Top of Data for processing

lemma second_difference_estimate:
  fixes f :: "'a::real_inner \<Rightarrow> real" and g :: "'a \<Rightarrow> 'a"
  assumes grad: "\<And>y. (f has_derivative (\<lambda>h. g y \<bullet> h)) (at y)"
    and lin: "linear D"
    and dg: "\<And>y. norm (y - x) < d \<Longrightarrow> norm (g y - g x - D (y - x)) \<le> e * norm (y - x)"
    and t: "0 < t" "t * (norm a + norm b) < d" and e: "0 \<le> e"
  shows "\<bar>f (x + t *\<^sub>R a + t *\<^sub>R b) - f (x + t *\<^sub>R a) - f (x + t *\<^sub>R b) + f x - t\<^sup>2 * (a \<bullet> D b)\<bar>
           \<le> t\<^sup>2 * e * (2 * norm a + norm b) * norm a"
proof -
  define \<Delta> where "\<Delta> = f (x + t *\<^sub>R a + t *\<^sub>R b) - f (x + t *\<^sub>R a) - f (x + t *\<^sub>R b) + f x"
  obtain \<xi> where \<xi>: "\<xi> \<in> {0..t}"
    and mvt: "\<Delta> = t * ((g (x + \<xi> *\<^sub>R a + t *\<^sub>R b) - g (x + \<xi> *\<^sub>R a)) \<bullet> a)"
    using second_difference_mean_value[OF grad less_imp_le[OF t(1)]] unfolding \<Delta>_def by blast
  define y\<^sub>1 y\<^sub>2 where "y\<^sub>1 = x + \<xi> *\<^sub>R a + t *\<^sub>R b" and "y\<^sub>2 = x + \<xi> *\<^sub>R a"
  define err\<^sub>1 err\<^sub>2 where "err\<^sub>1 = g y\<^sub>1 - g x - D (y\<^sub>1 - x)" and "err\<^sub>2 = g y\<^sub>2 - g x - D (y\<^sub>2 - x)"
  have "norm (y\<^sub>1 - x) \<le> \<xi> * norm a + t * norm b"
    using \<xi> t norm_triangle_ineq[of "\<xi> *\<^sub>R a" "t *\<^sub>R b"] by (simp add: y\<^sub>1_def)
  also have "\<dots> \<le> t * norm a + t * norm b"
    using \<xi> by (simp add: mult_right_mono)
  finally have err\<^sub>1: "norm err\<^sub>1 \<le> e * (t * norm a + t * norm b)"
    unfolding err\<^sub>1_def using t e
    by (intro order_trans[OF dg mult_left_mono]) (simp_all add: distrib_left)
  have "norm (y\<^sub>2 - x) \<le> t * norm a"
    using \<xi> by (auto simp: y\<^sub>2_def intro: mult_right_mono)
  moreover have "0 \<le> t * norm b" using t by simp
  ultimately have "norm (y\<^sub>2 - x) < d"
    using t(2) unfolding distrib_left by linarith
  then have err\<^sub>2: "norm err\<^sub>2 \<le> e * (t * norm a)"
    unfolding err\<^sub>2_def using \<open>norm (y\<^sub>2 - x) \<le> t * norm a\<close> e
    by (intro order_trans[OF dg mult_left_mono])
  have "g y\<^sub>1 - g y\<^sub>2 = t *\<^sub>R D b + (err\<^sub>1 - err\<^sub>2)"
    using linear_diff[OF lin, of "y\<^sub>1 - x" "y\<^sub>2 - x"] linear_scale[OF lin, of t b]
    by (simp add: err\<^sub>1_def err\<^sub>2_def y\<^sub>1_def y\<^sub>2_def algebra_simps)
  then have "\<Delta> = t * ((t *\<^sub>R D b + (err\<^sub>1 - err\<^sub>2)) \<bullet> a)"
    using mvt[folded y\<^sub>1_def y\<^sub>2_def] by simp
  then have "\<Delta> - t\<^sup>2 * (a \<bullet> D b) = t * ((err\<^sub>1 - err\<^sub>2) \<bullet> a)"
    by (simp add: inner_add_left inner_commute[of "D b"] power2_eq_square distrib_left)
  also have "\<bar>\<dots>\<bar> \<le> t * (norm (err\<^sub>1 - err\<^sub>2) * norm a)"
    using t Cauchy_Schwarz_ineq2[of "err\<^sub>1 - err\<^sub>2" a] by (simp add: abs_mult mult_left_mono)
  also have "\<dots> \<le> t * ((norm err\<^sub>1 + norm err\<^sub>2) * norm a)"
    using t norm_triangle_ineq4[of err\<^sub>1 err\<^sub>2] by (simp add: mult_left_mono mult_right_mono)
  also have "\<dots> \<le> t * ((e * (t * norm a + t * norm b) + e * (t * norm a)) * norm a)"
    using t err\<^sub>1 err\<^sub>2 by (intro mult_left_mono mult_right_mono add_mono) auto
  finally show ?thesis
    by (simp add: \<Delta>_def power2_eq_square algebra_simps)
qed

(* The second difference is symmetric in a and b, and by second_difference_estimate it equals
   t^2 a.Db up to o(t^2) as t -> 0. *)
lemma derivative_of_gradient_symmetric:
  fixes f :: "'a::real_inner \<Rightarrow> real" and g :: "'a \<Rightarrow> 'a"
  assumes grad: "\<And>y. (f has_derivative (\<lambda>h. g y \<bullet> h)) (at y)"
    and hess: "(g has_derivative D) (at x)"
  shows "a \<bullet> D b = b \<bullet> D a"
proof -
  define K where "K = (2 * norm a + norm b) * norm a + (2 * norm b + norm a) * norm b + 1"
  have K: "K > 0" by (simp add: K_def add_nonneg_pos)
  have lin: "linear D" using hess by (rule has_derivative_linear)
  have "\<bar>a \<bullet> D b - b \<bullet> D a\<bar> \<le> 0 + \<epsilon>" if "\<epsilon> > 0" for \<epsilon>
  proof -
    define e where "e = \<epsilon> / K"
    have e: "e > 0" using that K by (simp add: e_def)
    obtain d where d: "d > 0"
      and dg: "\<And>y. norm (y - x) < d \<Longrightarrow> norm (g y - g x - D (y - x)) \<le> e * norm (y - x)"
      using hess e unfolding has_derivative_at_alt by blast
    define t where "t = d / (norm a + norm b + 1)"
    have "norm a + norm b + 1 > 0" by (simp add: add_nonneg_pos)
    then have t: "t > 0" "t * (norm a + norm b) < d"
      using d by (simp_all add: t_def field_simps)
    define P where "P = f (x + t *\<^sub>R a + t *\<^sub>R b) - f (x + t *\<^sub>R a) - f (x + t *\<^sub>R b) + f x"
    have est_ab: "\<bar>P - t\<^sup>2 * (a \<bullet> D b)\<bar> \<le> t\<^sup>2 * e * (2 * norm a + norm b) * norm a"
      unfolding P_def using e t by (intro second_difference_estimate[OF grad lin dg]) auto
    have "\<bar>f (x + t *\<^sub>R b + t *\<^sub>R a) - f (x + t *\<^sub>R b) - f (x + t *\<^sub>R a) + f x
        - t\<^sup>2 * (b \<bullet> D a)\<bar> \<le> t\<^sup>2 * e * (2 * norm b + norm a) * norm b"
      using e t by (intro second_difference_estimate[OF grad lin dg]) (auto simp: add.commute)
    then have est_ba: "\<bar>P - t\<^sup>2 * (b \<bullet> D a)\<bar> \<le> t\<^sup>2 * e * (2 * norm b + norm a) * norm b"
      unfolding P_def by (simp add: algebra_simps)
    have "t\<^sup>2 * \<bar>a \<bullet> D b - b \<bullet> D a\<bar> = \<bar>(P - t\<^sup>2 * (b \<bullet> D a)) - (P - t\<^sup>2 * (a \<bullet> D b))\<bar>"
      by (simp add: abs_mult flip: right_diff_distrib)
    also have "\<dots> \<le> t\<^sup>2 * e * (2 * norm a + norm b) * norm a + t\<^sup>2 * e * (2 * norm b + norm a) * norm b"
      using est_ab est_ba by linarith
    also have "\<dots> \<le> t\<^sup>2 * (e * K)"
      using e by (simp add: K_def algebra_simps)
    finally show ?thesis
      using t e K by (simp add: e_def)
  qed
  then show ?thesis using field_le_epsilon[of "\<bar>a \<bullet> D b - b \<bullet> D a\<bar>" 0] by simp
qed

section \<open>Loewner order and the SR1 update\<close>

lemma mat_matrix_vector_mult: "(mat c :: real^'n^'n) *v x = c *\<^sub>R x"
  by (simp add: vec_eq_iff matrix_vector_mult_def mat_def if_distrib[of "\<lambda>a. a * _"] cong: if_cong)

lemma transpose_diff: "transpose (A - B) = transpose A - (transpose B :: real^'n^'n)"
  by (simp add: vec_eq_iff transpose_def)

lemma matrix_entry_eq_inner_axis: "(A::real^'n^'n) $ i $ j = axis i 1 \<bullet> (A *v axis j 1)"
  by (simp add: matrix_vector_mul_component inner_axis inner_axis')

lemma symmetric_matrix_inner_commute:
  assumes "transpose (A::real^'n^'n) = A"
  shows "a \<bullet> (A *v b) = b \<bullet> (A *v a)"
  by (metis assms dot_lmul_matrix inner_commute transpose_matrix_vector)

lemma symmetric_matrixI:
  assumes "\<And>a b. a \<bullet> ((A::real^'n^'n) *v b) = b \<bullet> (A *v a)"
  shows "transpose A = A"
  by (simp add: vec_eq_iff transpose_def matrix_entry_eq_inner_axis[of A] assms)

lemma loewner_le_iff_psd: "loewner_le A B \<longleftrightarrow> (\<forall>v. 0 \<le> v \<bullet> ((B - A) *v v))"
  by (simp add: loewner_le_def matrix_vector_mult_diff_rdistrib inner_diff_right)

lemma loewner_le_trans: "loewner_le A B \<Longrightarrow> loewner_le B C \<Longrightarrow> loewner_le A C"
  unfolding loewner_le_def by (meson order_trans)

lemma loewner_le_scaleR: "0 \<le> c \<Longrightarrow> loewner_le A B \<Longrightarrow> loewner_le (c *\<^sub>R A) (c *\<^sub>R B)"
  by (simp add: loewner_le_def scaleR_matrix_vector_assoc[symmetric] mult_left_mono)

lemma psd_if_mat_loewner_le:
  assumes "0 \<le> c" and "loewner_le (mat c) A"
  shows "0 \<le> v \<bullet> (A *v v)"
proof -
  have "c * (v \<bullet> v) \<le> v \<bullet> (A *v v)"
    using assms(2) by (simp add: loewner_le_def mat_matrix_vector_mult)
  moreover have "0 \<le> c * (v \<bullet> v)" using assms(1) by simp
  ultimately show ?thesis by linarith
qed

Bottom of Data for processing
Top of Data for processing

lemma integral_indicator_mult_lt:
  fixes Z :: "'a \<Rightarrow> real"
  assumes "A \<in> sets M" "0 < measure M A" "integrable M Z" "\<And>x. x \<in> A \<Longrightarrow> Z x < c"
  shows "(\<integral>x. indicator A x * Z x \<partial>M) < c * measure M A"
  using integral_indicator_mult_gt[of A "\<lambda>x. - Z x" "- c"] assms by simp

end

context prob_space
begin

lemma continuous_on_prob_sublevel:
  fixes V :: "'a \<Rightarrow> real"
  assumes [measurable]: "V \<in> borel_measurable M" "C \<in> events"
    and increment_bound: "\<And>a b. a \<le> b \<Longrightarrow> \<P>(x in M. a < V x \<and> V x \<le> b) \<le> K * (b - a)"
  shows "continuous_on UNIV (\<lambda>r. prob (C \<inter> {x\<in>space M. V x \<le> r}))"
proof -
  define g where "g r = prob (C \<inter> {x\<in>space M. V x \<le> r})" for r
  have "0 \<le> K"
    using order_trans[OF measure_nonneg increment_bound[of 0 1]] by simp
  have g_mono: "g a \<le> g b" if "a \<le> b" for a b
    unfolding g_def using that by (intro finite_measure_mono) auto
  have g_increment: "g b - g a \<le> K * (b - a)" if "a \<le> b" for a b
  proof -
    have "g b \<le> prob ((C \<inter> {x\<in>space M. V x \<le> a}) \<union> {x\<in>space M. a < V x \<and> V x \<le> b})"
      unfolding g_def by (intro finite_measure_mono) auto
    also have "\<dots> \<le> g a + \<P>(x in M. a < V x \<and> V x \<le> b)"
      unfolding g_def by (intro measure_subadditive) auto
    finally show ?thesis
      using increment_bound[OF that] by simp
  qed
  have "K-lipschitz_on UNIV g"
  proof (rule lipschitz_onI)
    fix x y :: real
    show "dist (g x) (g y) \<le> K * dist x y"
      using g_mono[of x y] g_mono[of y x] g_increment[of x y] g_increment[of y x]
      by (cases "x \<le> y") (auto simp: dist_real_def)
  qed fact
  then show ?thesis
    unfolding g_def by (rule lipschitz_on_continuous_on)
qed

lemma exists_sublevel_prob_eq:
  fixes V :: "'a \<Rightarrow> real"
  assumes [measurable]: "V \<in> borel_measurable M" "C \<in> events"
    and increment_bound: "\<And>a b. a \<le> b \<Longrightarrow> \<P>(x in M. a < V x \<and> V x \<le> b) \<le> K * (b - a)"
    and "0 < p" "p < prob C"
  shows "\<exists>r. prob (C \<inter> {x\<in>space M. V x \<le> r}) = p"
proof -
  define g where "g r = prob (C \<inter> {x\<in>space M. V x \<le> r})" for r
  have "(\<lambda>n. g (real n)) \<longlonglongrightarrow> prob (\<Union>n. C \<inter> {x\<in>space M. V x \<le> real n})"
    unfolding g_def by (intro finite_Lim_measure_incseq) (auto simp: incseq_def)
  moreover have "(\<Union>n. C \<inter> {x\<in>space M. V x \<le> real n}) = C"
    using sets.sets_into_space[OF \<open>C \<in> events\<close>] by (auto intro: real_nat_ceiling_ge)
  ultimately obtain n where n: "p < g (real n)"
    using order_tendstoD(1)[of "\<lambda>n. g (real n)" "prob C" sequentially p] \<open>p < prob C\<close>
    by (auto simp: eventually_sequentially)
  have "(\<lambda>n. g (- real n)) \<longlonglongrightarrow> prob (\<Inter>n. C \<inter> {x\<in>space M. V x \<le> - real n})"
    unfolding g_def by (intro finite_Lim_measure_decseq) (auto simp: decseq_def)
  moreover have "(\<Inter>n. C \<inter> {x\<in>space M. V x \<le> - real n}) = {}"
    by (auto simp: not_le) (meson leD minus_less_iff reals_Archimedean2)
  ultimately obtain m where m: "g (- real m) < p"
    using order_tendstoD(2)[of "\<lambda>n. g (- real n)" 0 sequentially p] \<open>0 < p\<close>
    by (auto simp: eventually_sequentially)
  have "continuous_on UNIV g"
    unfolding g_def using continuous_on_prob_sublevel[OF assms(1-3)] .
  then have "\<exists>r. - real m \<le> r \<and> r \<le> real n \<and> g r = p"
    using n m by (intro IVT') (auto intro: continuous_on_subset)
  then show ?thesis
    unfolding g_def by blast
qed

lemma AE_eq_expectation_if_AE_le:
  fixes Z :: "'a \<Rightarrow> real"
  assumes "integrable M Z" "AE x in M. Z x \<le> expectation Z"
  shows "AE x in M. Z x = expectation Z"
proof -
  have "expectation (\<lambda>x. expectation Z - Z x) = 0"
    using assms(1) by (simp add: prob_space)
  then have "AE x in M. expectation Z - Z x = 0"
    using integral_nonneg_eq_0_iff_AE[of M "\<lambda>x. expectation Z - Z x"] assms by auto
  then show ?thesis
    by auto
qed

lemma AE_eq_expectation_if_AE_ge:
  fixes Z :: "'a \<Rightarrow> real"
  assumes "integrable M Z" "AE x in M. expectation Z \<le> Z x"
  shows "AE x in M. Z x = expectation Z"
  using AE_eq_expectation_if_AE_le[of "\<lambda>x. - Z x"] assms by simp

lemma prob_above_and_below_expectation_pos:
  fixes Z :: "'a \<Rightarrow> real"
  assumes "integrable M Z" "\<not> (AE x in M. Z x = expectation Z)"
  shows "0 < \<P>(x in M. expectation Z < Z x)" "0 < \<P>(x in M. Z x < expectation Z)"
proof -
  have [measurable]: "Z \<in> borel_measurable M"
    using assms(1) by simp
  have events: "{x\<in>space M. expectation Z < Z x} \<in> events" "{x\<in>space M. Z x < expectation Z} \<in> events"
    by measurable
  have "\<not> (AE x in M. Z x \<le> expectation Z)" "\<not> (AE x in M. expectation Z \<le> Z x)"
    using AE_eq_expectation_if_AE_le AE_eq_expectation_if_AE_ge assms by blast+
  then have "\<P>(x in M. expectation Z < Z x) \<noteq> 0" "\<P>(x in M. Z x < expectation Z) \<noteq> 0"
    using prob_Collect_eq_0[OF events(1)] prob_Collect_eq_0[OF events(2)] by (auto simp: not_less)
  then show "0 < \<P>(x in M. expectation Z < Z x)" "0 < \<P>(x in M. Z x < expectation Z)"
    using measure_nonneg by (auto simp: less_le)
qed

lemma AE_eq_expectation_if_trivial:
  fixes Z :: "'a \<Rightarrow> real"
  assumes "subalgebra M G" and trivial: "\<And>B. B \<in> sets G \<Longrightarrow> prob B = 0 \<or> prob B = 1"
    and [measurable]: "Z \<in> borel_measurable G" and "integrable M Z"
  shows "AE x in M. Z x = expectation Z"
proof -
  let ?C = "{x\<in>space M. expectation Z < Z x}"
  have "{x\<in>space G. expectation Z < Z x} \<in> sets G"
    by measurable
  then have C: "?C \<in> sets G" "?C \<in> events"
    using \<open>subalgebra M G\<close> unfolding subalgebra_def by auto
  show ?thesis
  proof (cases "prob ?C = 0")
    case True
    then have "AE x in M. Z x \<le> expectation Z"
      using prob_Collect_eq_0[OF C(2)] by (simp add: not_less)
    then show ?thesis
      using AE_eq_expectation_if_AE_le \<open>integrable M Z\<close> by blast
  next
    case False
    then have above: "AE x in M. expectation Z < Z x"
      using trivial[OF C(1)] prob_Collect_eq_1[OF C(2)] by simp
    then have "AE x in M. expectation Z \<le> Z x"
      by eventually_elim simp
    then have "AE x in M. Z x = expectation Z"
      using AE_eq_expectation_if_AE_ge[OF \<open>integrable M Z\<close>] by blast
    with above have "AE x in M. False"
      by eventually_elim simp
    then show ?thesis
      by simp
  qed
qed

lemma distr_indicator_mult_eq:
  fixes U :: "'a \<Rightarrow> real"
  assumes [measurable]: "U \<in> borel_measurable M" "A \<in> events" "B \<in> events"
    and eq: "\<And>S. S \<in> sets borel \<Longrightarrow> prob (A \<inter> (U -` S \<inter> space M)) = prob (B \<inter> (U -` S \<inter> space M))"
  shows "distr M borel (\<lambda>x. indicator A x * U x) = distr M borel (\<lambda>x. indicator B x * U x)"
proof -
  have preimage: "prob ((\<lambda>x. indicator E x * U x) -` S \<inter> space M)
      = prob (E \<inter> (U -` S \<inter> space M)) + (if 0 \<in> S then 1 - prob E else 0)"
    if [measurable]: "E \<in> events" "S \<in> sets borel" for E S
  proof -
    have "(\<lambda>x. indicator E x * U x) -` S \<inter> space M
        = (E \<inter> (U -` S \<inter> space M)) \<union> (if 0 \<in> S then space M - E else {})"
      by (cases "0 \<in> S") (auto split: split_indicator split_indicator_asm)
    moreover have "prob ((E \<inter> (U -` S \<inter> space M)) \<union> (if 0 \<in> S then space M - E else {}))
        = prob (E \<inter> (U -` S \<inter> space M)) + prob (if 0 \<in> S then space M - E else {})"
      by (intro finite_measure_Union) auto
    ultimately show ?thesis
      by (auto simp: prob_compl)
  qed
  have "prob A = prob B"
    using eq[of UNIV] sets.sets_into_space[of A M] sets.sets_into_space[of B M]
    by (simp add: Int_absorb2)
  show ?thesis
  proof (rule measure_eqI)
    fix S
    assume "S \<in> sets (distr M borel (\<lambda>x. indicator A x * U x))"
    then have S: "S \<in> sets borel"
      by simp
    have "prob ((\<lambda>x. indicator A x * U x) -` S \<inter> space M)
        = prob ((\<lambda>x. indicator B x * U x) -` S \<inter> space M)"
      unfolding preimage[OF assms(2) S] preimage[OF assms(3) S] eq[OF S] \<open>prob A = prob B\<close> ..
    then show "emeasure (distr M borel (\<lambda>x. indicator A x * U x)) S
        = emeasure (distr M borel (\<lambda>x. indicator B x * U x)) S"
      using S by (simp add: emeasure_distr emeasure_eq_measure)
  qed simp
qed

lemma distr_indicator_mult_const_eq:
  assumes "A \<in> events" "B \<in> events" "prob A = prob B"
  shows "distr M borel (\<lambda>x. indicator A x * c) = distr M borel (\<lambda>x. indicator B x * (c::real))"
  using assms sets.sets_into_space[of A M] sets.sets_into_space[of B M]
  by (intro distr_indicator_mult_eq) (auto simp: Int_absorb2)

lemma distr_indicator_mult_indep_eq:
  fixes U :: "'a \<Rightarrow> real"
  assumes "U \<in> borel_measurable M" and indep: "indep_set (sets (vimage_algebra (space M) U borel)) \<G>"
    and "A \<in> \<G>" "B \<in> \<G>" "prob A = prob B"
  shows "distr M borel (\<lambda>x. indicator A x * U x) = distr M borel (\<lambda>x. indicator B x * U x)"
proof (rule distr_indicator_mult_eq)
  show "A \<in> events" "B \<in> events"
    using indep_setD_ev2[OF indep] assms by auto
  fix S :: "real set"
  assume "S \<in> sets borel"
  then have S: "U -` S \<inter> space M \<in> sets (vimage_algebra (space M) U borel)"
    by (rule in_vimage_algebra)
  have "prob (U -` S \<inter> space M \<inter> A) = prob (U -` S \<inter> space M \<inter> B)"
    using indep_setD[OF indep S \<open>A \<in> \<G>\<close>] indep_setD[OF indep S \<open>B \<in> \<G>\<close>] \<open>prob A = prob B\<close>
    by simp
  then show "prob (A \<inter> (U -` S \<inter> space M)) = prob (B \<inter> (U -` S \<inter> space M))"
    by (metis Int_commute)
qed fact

Bottom of Data for processing

● Assigned task:
In how many lines of the data above does the word "cases" occur? Only the number is wanted.

● Solved problem:
3